Matches any character
The full stop .
is used to match any character except the line break.
Example:
a.c
matches any three-character string beginning with "a" and ending with "c", with any character in between (e.g. "abc", "a5c").
Null or more repetitions
The asterisk *
matches the previous element zero or more times.
Example:
ab*c
matches "ac", "abc", "abbc", "abbbc" etc.
Matches a character from a set
Parenthesis expressions []
(also known as character classes) allow you to define a set of characters that you want to match at a specific position in the string.
Examples:
[abc]
matches "a", "b" or "c".[0-9]
matches any digit between 0 and 9.
Special cases for expressions in brackets:
-
A caret (
^
) at the beginning of a parenthesis expression negates the character selection, meaning that it matches any character except those listed.Example:
[^abc]
matches any character except "a", "b" or "c".
-
A hyphen (
-
) can be used to specify a range of characters.Example:
[a-z]
matches any lowercase letter.
Masking characters
In BRE, meta characters such as *
, .
, ^
and $
lose their special meanings if they are escaped with a backslash \
.
Examples:
\*
matches a literal asterisk.\\
matches a literal backslash.
Repetition operators
Exactly match `m` occurrences
\{m\}
matches exactly m
occurrences of the previous element.
Example:
a\{3\}
matches exactly three occurrences of "a" (i.e. "aaa").
Match between `m` and `n` occurrences
\{m,n\}
matches between m
and n
occurrences of the previous element.
Example:
a\{2,4\}
matches between two and four occurrences of "a" (i.e. "aa", "aaa" or "aaaa").
Match at least `m` occurrences
\{m,\}
matches m
or more occurrences of the previous element.
Example:
a\{2,\}
matches at least two occurrences of "a" (i.e. "aa", "aaa", "aaaa" etc.).
Grouping and back-references
Grouping
Brackets \(
and \)
are used to group parts of the pattern.
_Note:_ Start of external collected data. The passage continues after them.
(* Let $A$ (in $\mathcal H$) and $B$ (in $\mathcal K$) be closed densely defined operators with $A\dashv B$ via a (possibly unbounded) intertwining operator $T_{AB}$ and $B\dashv A$ via a (possibly unbounded) intertwining operator $T_{BA}$. Then $\sigma_p(A)=\sigma_p(B)$; if $\xi\in D(A)$ is an eigenvector of $A$ for eigenvalue $\lambda$ then $T_{AB}\xi$ is an eigenvector of $B$ for $\lambda$, and if $\eta\in D(B)$ is an eigenvector of $B$ for eigenvalue $\mu$ then $T_{BA}\eta$ is an eigenvector of $A$ for $\mu$; for each eigenvalue the multiplicities (dimensions of eigenspaces) for $A$ and $B$ coincide.
   Context: A closed densely defined operator $T:D(T)\subseteq\mathcal H\to\mathcal K$ is an intertwining operator for $A$ (in $\mathcal H$) and $B$ (in $\mathcal K$) if $D(A)\subseteq D(T)$ and $AD(A)\subseteq D(T)$, $TD(A)\subseteq D(B)$, and $BT\xi=TA\xi$ for all $\xi\in D(A)$. $A\dashv B$ means there is such an intertwining operator that is injective with densely defined inverse. $\sigma_p$ is the set of eigenvalues. *)

theory Defs
  imports "HOL-Analysis.Analysis" "HOL-Library.Equipollence"
begin

class complex_inner = real_normed_vector +
  fixes cscale :: "complex \<Rightarrow> 'a \<Rightarrow> 'a" (infixr \<open>*\<^sub>C\<close> 75)
  fixes cinner :: "'a \<Rightarrow> 'a \<Rightarrow> complex"
  assumes cscale_add_right: "c *\<^sub>C (x + y) = c *\<^sub>C x + c *\<^sub>C y"
    and cscale_add_left: "(c + d) *\<^sub>C x = c *\<^sub>C x + d *\<^sub>C x"
    and cscale_cscale: "c *\<^sub>C (d *\<^sub>C x) = (c * d) *\<^sub>C x"
    and cscale_one: "1 *\<^sub>C x = x"
    and scaleR_cscale: "scaleR r x = complex_of_real r *\<^sub>C x"
    and cinner_commute: "cinner x y = cnj (cinner y x)"
    and cinner_add_right: "cinner x (y + z) = cinner x y + cinner x z"
    and cinner_cscale_right: "cinner x (c *\<^sub>C y) = c * cinner x y"
    and norm_eq_sqrt_cinner: "norm x = sqrt (Re (cinner x x))"

class chilbert_space = complex_inner + complete_space

definition csubspace :: "'a::complex_inner set \<Rightarrow> bool" where
  "csubspace S \<longleftrightarrow> module.subspace cscale S"

definition lin_op :: "'a::complex_inner set \<Rightarrow> ('a \<Rightarrow> 'b::complex_inner) \<Rightarrow> bool" where
  "lin_op D T \<longleftrightarrow> csubspace D \<and>
     (\<forall>x\<in>D. \<forall>y\<in>D. T (x + y) = T x + T y) \<and>
     (\<forall>c. \<forall>x\<in>D. T (c *\<^sub>C x) = c *\<^sub>C T x)"

definition op_graph :: "'a set \<Rightarrow> ('a \<Rightarrow> 'b) \<Rightarrow> ('a \<times> 'b) set" where
  "op_graph D T = {(x, T x) | x. x \<in> D}"

definition closed_dd_op :: "'a::chilbert_space set \<Rightarrow> ('a \<Rightarrow> 'b::chilbert_space) \<Rightarrow> bool" where
  "closed_dd_op D T \<longleftrightarrow> lin_op D T \<and> closure D = UNIV \<and> closed (op_graph D T)"

definition intertwining :: "'a::chilbert_space set \<Rightarrow> ('a \<Rightarrow> 'b::chilbert_space) \<Rightarrow>
    'a set \<Rightarrow> ('a \<Rightarrow> 'a) \<Rightarrow> 'b set \<Rightarrow> ('b \<Rightarrow> 'b) \<Rightarrow> bool" where
  "intertwining DT T DA A DB B \<longleftrightarrow> closed_dd_op DT T \<and> DA \<subseteq> DT \<and> A ` DA \<subseteq> DT \<and>
     T ` DA \<subseteq> DB \<and> (\<forall>\<xi>\<in>DA. B (T \<xi>) = T (A \<xi>))"

text \<open>\<open>T\<close> witnesses \<open>A \<stileturn> B\<close>: an injective intertwining operator whose inverse
(with domain the range \<open>T ` DT\<close>) is densely defined.\<close>
definition qa_intertwining :: "'a::chilbert_space set \<Rightarrow> ('a \<Rightarrow> 'b::chilbert_space) \<Rightarrow>
    'a set \<Rightarrow> ('a \<Rightarrow> 'a) \<Rightarrow> 'b set \<Rightarrow> ('b \<Rightarrow> 'b) \<Rightarrow> bool" where
  "qa_intertwining DT T DA A DB B \<longleftrightarrow> intertwining DT T DA A DB B \<and> inj_on T DT \<and>
     closure (T ` DT) = UNIV"

definition eigenvector :: "'a::complex_inner set \<Rightarrow> ('a \<Rightarrow> 'a) \<Rightarrow> complex \<Rightarrow> 'a \<Rightarrow> bool" where
  "eigenvector D A l \<xi> \<longleftrightarrow> \<xi> \<in> D \<and> \<xi> \<noteq> 0 \<and> A \<xi> = l *\<^sub>C \<xi>"

definition point_spectrum :: "'a::complex_inner set \<Rightarrow> ('a \<Rightarrow> 'a) \<Rightarrow> complex set" where
  "point_spectrum D A = {l. \<exists>\<xi>. eigenvector D A l \<xi>}"

definition eigenspace :: "'a::complex_inner set \<Rightarrow> ('a \<Rightarrow> 'a) \<Rightarrow> complex \<Rightarrow> 'a set" where
  "eigenspace D A l = {\<xi> \<in> D. A \<xi> = l *\<^sub>C \<xi>}"

text \<open>(Algebraic) dimension: \<open>S\<close> and \<open>S'\<close> have bases (over \<open>\<complex>\<close>) of the same cardinality.\<close>
definition cbasis_of :: "'a::complex_inner set \<Rightarrow> 'a set \<Rightarrow> bool" where
  "cbasis_of B S \<longleftrightarrow> B \<subseteq> S \<and> \<not> module.dependent cscale B \<and> module.span cscale B = S"

definition same_dim :: "'a::complex_inner set \<Rightarrow> 'b::complex_inner set \<Rightarrow> bool" where
  "same_dim S S' \<longleftrightarrow> (\<exists>B B'. cbasis_of B S \<and> cbasis_of B' S' \<and> B \<approx> B')"

end

theory Submission
  imports Defs
begin

(*
  Only the algebraic content of the hypotheses is needed: an intertwining operator T for
  A and B is linear on its domain and satisfies B (T x) = T (A x) on D(A), so it maps the
  eigenspace E_A(l) = ker(A - l) into E_B(l); injectivity of T makes this map injective,
  so eigenvectors go to eigenvectors.  An injective linear map carries a basis of E_A(l)
  to an independent subset of E_B(l), and in any vector space an independent set is
  equipollent to a subset of a basis of its span (extend it to a basis and use that any
  two bases of a space are in bijection).  Hence the basis of E_A(l) injects into the
  basis of E_B(l); by symmetry also conversely, and Schroeder-Bernstein (lepoll_antisym)
  gives equal dimensions.
*)

text \<open>The complex scalar multiplication makes every complex inner product space a vector
  space over \<open>\<complex>\<close>; this gives access to the library's theory of spans and bases.\<close>
interpretation cvs: vector_space "cscale :: complex \<Rightarrow> 'a \<Rightarrow> 'a::complex_inner"
  by unfold_locales (simp_all add: cscale_add_right cscale_add_left cscale_cscale cscale_one)

text \<open>In any vector space, an independent set lying in the span of a basis \<open>B\<close> is no larger
  than \<open>B\<close>: extend it to a basis of \<open>span B\<close>, which is in bijection with \<open>B\<close>.  This is the
  infinite-dimensional replacement for \<open>independent_span_bound\<close>.\<close>
lemma (in vector_space) independent_lepoll_basis:
  assumes I: "independent I" and I_span: "I \<subseteq> span B" and B: "independent B"
  shows "I \<lesssim> B"
proof -
  obtain C where "I \<subseteq> C" and C_span: "C \<subseteq> span B" and C: "independent C"
      and "span B \<subseteq> span C"
    using maximal_independent_subset_extend[OF I_span I] by blast
  moreover have "span C \<subseteq> span B"
    using C_span by (rule span_minimal) (rule subspace_span)
  ultimately have "span C = span B" by blast
  then obtain f where "bij_betw f C B"
    using bij_if_span_eq_span_bases[OF C B] by blast
  then have "C \<approx> B" by (auto simp: eqpoll_def)
  then show ?thesis using \<open>I \<subseteq> C\<close> by (meson subset_imp_lepoll lepoll_trans2)
qed

lemma subspace_has_cbasis:
  assumes "cvs.subspace S" shows "\<exists>B. cbasis_of B S"
proof -
  obtain B where "B \<subseteq> S" "cvs.independent B" "S \<subseteq> cvs.span B"
    by (rule cvs.basis_exists[of S])
  moreover have "cvs.span B \<subseteq> S" using cvs.span_minimal[OF \<open>B \<subseteq> S\<close> assms] .
  ultimately show ?thesis unfolding cbasis_of_def by blast
qed

lemma lin_op_subspace: "lin_op D T \<Longrightarrow> cvs.subspace D"
  by (simp add: lin_op_def csubspace_def)

lemma lin_op_zero: "lin_op D T \<Longrightarrow> T 0 = 0"
  unfolding lin_op_def csubspace_def
  by (metis add_cancel_right_right add_0 cvs.subspace_0)

lemma lin_op_sum:
  assumes lin: "lin_op D T" and "finite S" "S \<subseteq> D"
  shows "T (\<Sum>v\<in>S. c v *\<^sub>C v) = (\<Sum>v\<in>S. c v *\<^sub>C T v)"
  using assms(2,3)
proof (induction S rule: finite_induct)
  case empty
  then show ?case using lin_op_zero[OF lin] by simp
next
  case (insert x F)
  note sub = lin_op_subspace[OF lin]
  have "(\<Sum>v\<in>F. c v *\<^sub>C v) \<in> D" "c x *\<^sub>C x \<in> D"
    using insert.prems by (auto intro!: cvs.subspace_sum[OF sub] cvs.subspace_scale[OF sub])
  then show ?case using insert lin unfolding lin_op_def by simp
qed

text \<open>A linear map that is injective on its domain sends independent subsets of the domain
  to independent sets: a vanishing combination of images pulls back to a vanishing
  combination of the original vectors.\<close>
lemma lin_op_inj_independent_image:
  assumes lin: "lin_op D f" and inj: "inj_on f D" and "I \<subseteq> D" and ind: "cvs.independent I"
  shows "cvs.independent (f ` I)"
proof
  note sub = lin_op_subspace[OF lin]
  assume "cvs.dependent (f ` I)"
  then obtain t u where "finite t" "t \<subseteq> f ` I" and t_zero: "(\<Sum>v\<in>t. u v *\<^sub>C v) = 0"
      and "\<exists>v\<in>t. u v \<noteq> 0"
    unfolding cvs.dependent_explicit by blast
  then obtain s where s: "s \<subseteq> I" "t = f ` s" by (meson subset_imageE)
  have inj_s: "inj_on f s" using inj_on_subset[OF inj] s \<open>I \<subseteq> D\<close> by blast
  have "finite s" using \<open>finite t\<close> s(2) inj_s finite_image_iff by blast
  have comb_in_D: "(\<Sum>w\<in>s. u (f w) *\<^sub>C w) \<in> D"
    using s \<open>I \<subseteq> D\<close> by (auto intro!: cvs.subspace_sum[OF sub] cvs.subspace_scale[OF sub])
  have "f (\<Sum>w\<in>s. u (f w) *\<^sub>C w) = (\<Sum>w\<in>s. u (f w) *\<^sub>C f w)"
    using lin_op_sum[OF lin \<open>finite s\<close>, of "\<lambda>w. u (f w)"] s \<open>I \<subseteq> D\<close> by blast
  also have "\<dots> = (\<Sum>v\<in>t. u v *\<^sub>C v)" using s(2) inj_s by (simp add: sum.reindex)
  also have "\<dots> = f 0" using t_zero lin_op_zero[OF lin] by simp
  finally have "(\<Sum>w\<in>s. u (f w) *\<^sub>C w) = 0"
    by (rule inj_onD[OF inj _ comb_in_D cvs.subspace_0[OF sub]])
  moreover obtain w where "w \<in> s" "u (f w) \<noteq> 0" using \<open>\<exists>v\<in>t. u v \<noteq> 0\<close> s(2) by blast
  ultimately have "cvs.dependent I"
    unfolding cvs.dependent_explicit using \<open>finite s\<close> s(1)
    by (intro exI[of _ s] exI[of _ "\<lambda>w. u (f w)"]) blast
  then show False using ind by blast
qed

lemma eigenspace_subspace:
  assumes lin: "lin_op D A" shows "cvs.subspace (eigenspace D A l)"
proof (rule cvs.subspaceI)
  note sub = lin_op_subspace[OF lin]
  show "0 \<in> eigenspace D A l"
    using lin_op_zero[OF lin] cvs.subspace_0[OF sub] by (simp add: eigenspace_def)
  show "x + y \<in> eigenspace D A l" if "x \<in> eigenspace D A l" "y \<in> eigenspace D A l" for x y
    using that lin cvs.subspace_add[OF sub]
    by (auto simp: eigenspace_def lin_op_def cscale_add_right)
  show "c *\<^sub>C x \<in> eigenspace D A l" if "x \<in> eigenspace D A l" for c x
    using that lin cvs.subspace_scale[OF sub]
    by (auto simp: eigenspace_def lin_op_def cscale_cscale mult.commute)
qed

lemma eigenvector_iff_eigenspace: "eigenvector D A l \<xi> \<longleftrightarrow> \<xi> \<in> eigenspace D A l \<and> \<xi> \<noteq> 0"
  by (auto simp: eigenvector_def eigenspace_def)

text \<open>From \<open>B (T \<xi>) = T (A \<xi>)\<close> and linearity of \<open>T\<close>: \<open>T\<close> maps \<open>E_A(l)\<close> into \<open>E_B(l)\<close>.\<close>
lemma intertwining_eigenspace:
  assumes "intertwining DT T DA A DB B" and "\<xi> \<in> eigenspace DA A l"
  shows "T \<xi> \<in> eigenspace DB B l"
proof -
  have "\<xi> \<in> DA" "A \<xi> = l *\<^sub>C \<xi>" using assms(2) by (auto simp: eigenspace_def)
  moreover have "\<xi> \<in> DT" using assms(1) \<open>\<xi> \<in> DA\<close> by (auto simp: intertwining_def)
  ultimately show ?thesis
    using assms(1) unfolding intertwining_def closed_dd_op_def lin_op_def eigenspace_def by auto
qed

lemma qa_intertwining_eigenvector:
  assumes qa: "qa_intertwining DT T DA A DB B" and e: "eigenvector DA A l \<xi>"
  shows "eigenvector DB B l (T \<xi>)"
proof -
  have i: "intertwining DT T DA A DB B" and lin: "lin_op DT T" and inj: "inj_on T DT"
    using qa by (auto simp: qa_intertwining_def intertwining_def closed_dd_op_def)
  have "\<xi> \<in> DT" using i e by (auto simp: intertwining_def eigenvector_def)
  moreover have "0 \<in> DT" using cvs.subspace_0[OF lin_op_subspace[OF lin]] .
  moreover have "\<xi> \<noteq> 0" using e by (simp add: eigenvector_def)
  ultimately have "T \<xi> \<noteq> T 0" using inj by (meson inj_onD)
  then have "T \<xi> \<noteq> 0" using lin_op_zero[OF lin] by simp
  then show ?thesis
    using intertwining_eigenspace[OF i] e by (simp add: eigenvector_iff_eigenspace)
qed

lemma qa_intertwining_basis_lepoll:
  assumes qa: "qa_intertwining DT T DA A DB B"
    and bA: "cbasis_of BA (eigenspace DA A l)" and bB: "cbasis_of BB (eigenspace DB B l)"
  shows "BA \<lesssim> BB"
proof -
  have i: "intertwining DT T DA A DB B" and lin: "lin_op DT T" and inj: "inj_on T DT"
    using qa by (auto simp: qa_intertwining_def intertwining_def closed_dd_op_def)
  have BA_DT: "BA \<subseteq> DT" using bA i by (auto simp: cbasis_of_def eigenspace_def intertwining_def)
  have "cvs.independent (T ` BA)"
    using lin_op_inj_independent_image[OF lin inj BA_DT] bA by (simp add: cbasis_of_def)
  moreover have "T ` BA \<subseteq> cvs.span BB"
    using bA bB intertwining_eigenspace[OF i] by (auto simp: cbasis_of_def)
  moreover have "cvs.independent BB" using bB by (simp add: cbasis_of_def)
  ultimately have "T ` BA \<lesssim> BB" by (rule cvs.independent_lepoll_basis)
  moreover have "BA \<approx> T ` BA"
    using inj_on_subset[OF inj BA_DT] by (simp add: eqpoll_sym inj_on_image_eqpoll_self)
  ultimately show ?thesis using lepoll_trans1 by blast
qed

theorem proposition3p20:
  fixes DA :: "'h::chilbert_space set" and A :: "'h \<Rightarrow> 'h"
    and DB :: "'k::chilbert_space set" and B :: "'k \<Rightarrow> 'k"
    and DTAB :: "'h set" and TAB :: "'h \<Rightarrow> 'k"
    and DTBA :: "'k set" and TBA :: "'k \<Rightarrow> 'h"
  assumes "closed_dd_op DA A" and "closed_dd_op DB B"
    and "qa_intertwining DTAB TAB DA A DB B"
    and "qa_intertwining DTBA TBA DB B DA A"
  shows "point_spectrum DA A = point_spectrum DB B
    \<and> (\<forall>l \<xi>. eigenvector DA A l \<xi> \<longrightarrow> eigenvector DB B l (TAB \<xi>))
    \<and> (\<forall>m \<eta>. eigenvector DB B m \<eta> \<longrightarrow> eigenvector DA A m (TBA \<eta>))
    \<and> (\<forall>l\<in>point_spectrum DA A. same_dim (eigenspace DA A l) (eigenspace DB B l))"
proof -
  have AB: "\<forall>l \<xi>. eigenvector DA A l \<xi> \<longrightarrow> eigenvector DB B l (TAB \<xi>)"
    using qa_intertwining_eigenvector[OF assms(3)] by blast
  have BA: "\<forall>m \<eta>. eigenvector DB B m \<eta> \<longrightarrow> eigenvector DA A m (TBA \<eta>)"
    using qa_intertwining_eigenvector[OF assms(4)] by blast
  have "same_dim (eigenspace DA A l) (eigenspace DB B l)" for l
  proof -
    have "lin_op DA A" "lin_op DB B" using assms(1,2) by (auto simp: closed_dd_op_def)
    then obtain bA bB where bA: "cbasis_of bA (eigenspace DA A l)"
        and bB: "cbasis_of bB (eigenspace DB B l)"
      by (meson subspace_has_cbasis eigenspace_subspace)
    have "bA \<approx> bB"
      using qa_intertwining_basis_lepoll[OF assms(3) bA bB]
        qa_intertwining_basis_lepoll[OF assms(4) bB bA] by (rule lepoll_antisym)
    then show ?thesis using bA bB unfolding same_dim_def by blast
  qed
  then show ?thesis using AB BA unfolding point_spectrum_def by blast
qed

end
The grouped part of the pattern is treated as a single element.
Example:
\(ab\)*
matches zero or more occurrences of "ab".
Back reference
A backreference refers to a previously grouped sub-expression. In BRE, backreferences are represented by \n
, where n
is a number representing the n
th group in the pattern. The backreference matches the same text as the corresponding group.
Example:
\(abc\)\1
matches "abcabc", as\1
refers to the first grouped expression "abc".
Anchors
Anchors in BRE are used to match positions and not characters.
^
: Matches the beginning of a line.$
: Matches the end of a line.
Masked meta characters
Some of the metacharacters in BRE must be escaped, which is different from other regular expression syntaxes. For example:
\{
and\}
must be escaped to represent repetitions.- Brackets
\(
and\)
are used for grouping.
Examples
Here are some examples to demonstrate how BRE works in practice:
Date format
Muster: \([0-9]\{2\}\)\([0-9]\{2\}\)\([0-9]\{4\}\)
This pattern matches a date format where:
- The first two digits represent the day.
- The second two digits represent the month.
- The last four digits represent the year.
Example of a match: "25092024" (stands for 25 September 2024).
Phone number
Muster: \([0-9]\{3\}\)-[0-9]\{3\}-[0-9]\{4\}
This pattern matches a phone number in the format XXX-XXX-XXXX
, where X
is a digit.
Example of a match: "123-456-7890".
Repeated words
Pattern: \(word\)\1
This pattern matches the word "word" repeated twice in a row, e.g. "wordword".